Nettie spoke to the grave as though she and Amber were sitting around the kitchen table having supper. She told the headstone the news in town and how the girls’ basketball team was doing. She told about beloved Aunt Gertie and the reports weren’t very good; the lady was failing fast. She’d hit a parked car last week and the family took away her keys. Poor thing cried all day. Nettie told about strange customers at the hardware and how Alice’s new cake recipe tasted. She even gave updates on Johnny.

“He’s still in a coma,” she’d report. “His mother is always with him. His father….well, you know his father. They don’t know if he’ll ever come out of it.”

There were regular news flashes on her cousins, aunts and uncles. “Your Uncle Dennis was so angry when you died,” Nettie told her. “I worried he might do something that would get him in trouble. But he’s calmed down. You know, they always do. Those men get so riled up and they’re like red hot pokers, but it doesn’t last. They say a woman holds a grudge a lot deeper than a man, and I think they’re right. Besides, Dennis has his kids to raise and they’re all active in sports and 4-H and his wife is into scrapbooking big-time, so she’s always going off to scrapbook conventions and leaving him to take care of everything at home. I’m betting sometimes he wishes he’d listened to Dad that Susie wasn’t the right woman for him.”

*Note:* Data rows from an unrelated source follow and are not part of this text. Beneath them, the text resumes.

lemma energy_binomial_partial_sum_le_sigma_sphere:
  assumes a: "0 < a" "a < 1" and M: "sphere_prob (M :: (real^'n) measure)"
  shows "energy M M (\<lambda>x y. binomial_partial_sum a K ((x \<bullet> y)\<^sup>2))
    \<le> energy (sigma_sphere :: (real^'n) measure) sigma_sphere (\<lambda>x y. binomial_partial_sum a K ((x \<bullet> y)\<^sup>2))"
  unfolding energy_binomial_partial_sum[OF M M] energy_binomial_partial_sum[OF sphere_prob_sigma_sphere sphere_prob_sigma_sphere]
proof (rule sum_mono)
  fix k
  show "binomial_series_coeff a k * energy M M (\<lambda>x y. (x \<bullet> y) ^ (2 * k))
      \<le> binomial_series_coeff a k * energy (sigma_sphere :: (real^'n) measure) sigma_sphere (\<lambda>x y. (x \<bullet> y) ^ (2 * k))"
  proof (cases "k = 0")
    case True
    then show ?thesis by (simp add: energy_const[OF M M] energy_const[OF sphere_prob_sigma_sphere sphere_prob_sigma_sphere])
  next
    case False
    then have "binomial_series_coeff a k \<le> 0" using binomial_series_coeff_nonpos[OF a] by simp
    then show ?thesis
      by (intro mult_left_mono_neg energy_sigma_sphere_le_inner_power[OF M])
  qed
qed

theorem I_Vs_le_sigma_sphere:
  assumes s: "0 < s" "s < 2" and M: "sphere_prob (M :: (real^'n) measure)"
  shows "I_Vs s M \<le> I_Vs s (sigma_sphere :: (real^'n) measure)"
proof -
  define a where "a = s / 2"
  have a: "0 < a" "a < 1" using s by (auto simp: a_def)
  let ?\<sigma> = "sigma_sphere :: (real^'n) measure"
  let ?S = "\<lambda>K x y. binomial_partial_sum a K ((x \<bullet> y)\<^sup>2)"
  note \<sigma> = sphere_prob_sigma_sphere[where 'n='n]
  have V: "V x y powr s = (1 - (x \<bullet> y)\<^sup>2) powr a" if "norm x = 1" "norm y = 1" for x y :: "real^'n"
    unfolding a_def by (rule V_powr_eq[OF that])
  have "I_Vs s M \<le> energy M M (?S K)" for K
    unfolding I_Vs_eq_energy
  proof (rule energy_mono[OF M M bounded_kernel_V_powr bounded_kernel_binomial_partial_sum[OF a]])
    fix x y :: "real^'n" assume "norm x = 1" "norm y = 1"
    then show "V x y powr s \<le> ?S K x y"
      unfolding V[OF \<open>norm x = 1\<close> \<open>norm y = 1\<close>]
      by (intro binomial_partial_sum_ge[OF a] inner_square_unit_bounds)
  qed (use s in simp)
  then have "I_Vs s M \<le> energy ?\<sigma> ?\<sigma> (?S K)" for K
    by (rule order_trans[OF _ energy_binomial_partial_sum_le_sigma_sphere[OF a M]])
  moreover have "(\<lambda>K. energy ?\<sigma> ?\<sigma> (?S K)) \<longlonglongrightarrow> I_Vs s ?\<sigma>"
    unfolding I_Vs_eq_energy
  proof (rule tendsto_energy[OF \<sigma> \<sigma> bounded_kernel_binomial_partial_sum[OF a] bounded_kernel_V_powr])
    fix x y :: "real^'n" assume "norm x = 1" "norm y = 1"
    then show "\<bar>?S K x y\<bar> \<le> 1" for K
      by (intro abs_binomial_partial_sum_le_1[OF a] inner_square_unit_bounds)
    show "(\<lambda>K. ?S K x y) \<longlonglongrightarrow> V x y powr s"
      unfolding V[OF \<open>norm x = 1\<close> \<open>norm y = 1\<close>]
      by (intro binomial_partial_sum_tendsto[OF a] inner_square_unit_bounds \<open>norm x = 1\<close> \<open>norm y = 1\<close>)
  qed (use s in simp)
  ultimately show ?thesis
    by (intro LIMSEQ_le_const[of _ "I_Vs s ?\<sigma>"]) auto
qed

section \<open>The case s = 2: second moments\<close>

definition second_moment :: "(real^'n) measure \<Rightarrow> 'n \<Rightarrow> 'n \<Rightarrow> real" where
  "second_moment M i j = (\<integral>x. x $ i * x $ j \<partial>M)"

lemma abs_coord_product_le_1:
  fixes x :: "real^'n"
  shows "norm x = 1 \<Longrightarrow> \<bar>x $ i * x $ j\<bar> \<le> 1"
  using component_le_norm_cart[of x i] component_le_norm_cart[of x j]
  unfolding abs_mult by (intro mult_le_one) auto

lemma integrable_coord_product: "sphere_prob M \<Longrightarrow> integrable M (\<lambda>x :: real^'n. x $ i * x $ j)"
  by (rule integrable_sphere_prob[OF _ _ abs_coord_product_le_1]) simp_all

lemma integral_outer_product:
  assumes M: "sphere_prob (M :: (real^'n) measure)"
  shows "integral\<^sup>L M (\<lambda>x. (\<chi> i j. x $ i * x $ j) :: real^'n^'n) = (\<chi> i j. second_moment M i j)"
proof -
  have expand: "(\<chi> i j. g i j) = (\<Sum>i\<in>UNIV. \<Sum>j\<in>UNIV. g i j *\<^sub>R axis i (axis j 1))"
    for g :: "'n \<Rightarrow> 'n \<Rightarrow> real"
    by (simp add: vec_eq_iff axis_def if_distrib[of "\<lambda>v. v $ _"] if_distrib[of "(*) _"] sum.If_cases
        cong: if_cong)
  show ?thesis
    unfolding expand using integrable_coord_product[OF M] by (simp add: second_moment_def)
qed

lemma isotropic_iff_second_moment:
  assumes M: "sphere_prob (M :: (real^'n) measure)"
  shows "isotropic M \<longleftrightarrow> (\<forall>i j. second_moment M i j = (if i = j then 1 / real CARD('n) else 0))"
  by (auto simp: isotropic_def integral_outer_product[OF M] vec_eq_iff mat_def)

lemma sum_second_moment_diag:
  assumes M: "sphere_prob (M :: (real^'n) measure)"
  shows "(\<Sum>i\<in>UNIV. second_moment M i i) = 1"
proof -
  interpret prob_space M by (rule prob_space_sphere_prob[OF M])
  have "(\<Sum>i\<in>UNIV. second_moment M i i) = (\<integral>x. x \<bullet> x \<partial>M)"
    using integrable_coord_product[OF M]
    by (simp add: second_moment_def inner_vec_def Bochner_Integration.integral_sum)
  also have "\<dots> = (\<integral>x. 1 \<partial>M)"
  proof (rule integral_cong_AE)
    show "(\<lambda>x. x \<bullet> x) \<in> borel_measurable M"
      by (rule measurable_sphere_prob[OF M]) simp
    show "AE x in M. x \<bullet> x = 1"
      using AE_norm_sphere_prob[OF M] by (auto simp: norm_eq_1)
  qed simp
  finally show ?thesis by (simp add: prob_space)
qed

lemma inner_square_eq_sum:
  fixes x y :: "real^'n"
  shows "(x \<bullet> y)\<^sup>2 = (\<Sum>i\<in>UNIV. \<Sum>j\<in>UNIV. (x $ i * x $ j) * (y $ i * y $ j))"
  unfolding power2_eq_square inner_vec_def inner_real_def sum_product
  by (simp add: algebra_simps)

lemma integral_inner_square:
  assumes M: "sphere_prob (M :: (real^'n) measure)"
  shows "(\<integral>y. (x \<bullet> y)\<^sup>2 \<partial>M) = (\<Sum>i\<in>UNIV. \<Sum>j\<in>UNIV. (x $ i * x $ j) * second_moment M i j)"
  using integrable_coord_product[OF M]
  by (simp add: inner_square_eq_sum second_moment_def Bochner_Integration.integral_sum integrable_sum)

lemma energy_inner_square:
  assumes M: "sphere_prob (M :: (real^'n) measure)"
  shows "energy M M (\<lambda>x y. (x \<bullet> y)\<^sup>2) = (\<Sum>i\<in>UNIV. \<Sum>j\<in>UNIV. (second_moment M i j)\<^sup>2)"
proof -
  have "energy M M (\<lambda>x y. (x \<bullet> y)\<^sup>2)
      = (\<integral>x. (\<Sum>i\<in>UNIV. \<Sum>j\<in>UNIV. (x $ i * x $ j) * second_moment M i j) \<partial>M)"
    by (simp only: energy_def integral_inner_square[OF M])
  also have "\<dots> = (\<Sum>i\<in>UNIV. \<Sum>j\<in>UNIV. second_moment M i j * second_moment M i j)"
    using integrable_coord_product[OF M]
    by (simp add: Bochner_Integration.integral_sum integrable_sum second_moment_def)
  finally show ?thesis by (simp add: power2_eq_square)
qed

lemma I_Vs_2_eq:
  assumes M: "sphere_prob (M :: (real^'n) measure)"
  shows "I_Vs 2 M = 1 - energy M M (\<lambda>x y. (x \<bullet> y)\<^sup>2)"
proof -
  have kernel: "bounded_kernel (\<lambda>x y :: real^'n. (- 1) * (x \<bullet> y)\<^sup>2)"
    by (intro bounded_kernel_cmult bounded_kernel_inner_power)
  have "I_Vs 2 M = energy M M (\<lambda>x y. 1 + (- 1) * (x \<bullet> y)\<^sup>2)"
    unfolding I_Vs_eq_energy
  proof (rule energy_cong[OF M M bounded_kernel_V_powr bounded_kernel_add[OF bounded_kernel_const kernel]])
    fix x y :: "real^'n" assume "norm x = 1" "norm y = 1"
    then show "V x y powr 2 = 1 + (- 1) * (x \<bullet> y)\<^sup>2"
      using inner_square_unit_bounds[of x y] by (simp add: V_powr_eq)
  qed simp
  also have "\<dots> = energy M M (\<lambda>x y. 1) + energy M M (\<lambda>x y. (- 1) * (x \<bullet> y)\<^sup>2)"
    by (rule energy_add[OF M M bounded_kernel_const kernel])
  also have "\<dots> = 1 - energy M M (\<lambda>x y. (x \<bullet> y)\<^sup>2)"
    using energy_cmult[of M M "- 1" "\<lambda>x y. (x \<bullet> y)\<^sup>2"] by (simp add: energy_const[OF M M])
  finally show ?thesis .
qed

definition isotropy_defect :: "(real^'n) measure \<Rightarrow> real" where
  "isotropy_defect M =
     (\<Sum>i\<in>UNIV. \<Sum>j\<in>UNIV. (second_moment M i j - (if i = j then 1 / real CARD('n) else 0))\<^sup>2)"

Nettie told her dead daughter that Maxine refused any of her clothes—even though Nettie was sure she and the other girls would want them. She ended up carting them to the Dakota Boy’s Ranch Thrift Shop in Fargo. “Remember how we liked shopping there?” After questions like that she’d pause, as though she expected an answer.

And then, in a voice just above a whisper, she’d tell Amber about Crabapple.

She’d end with her arms around the tombstone, kissing its cold surface.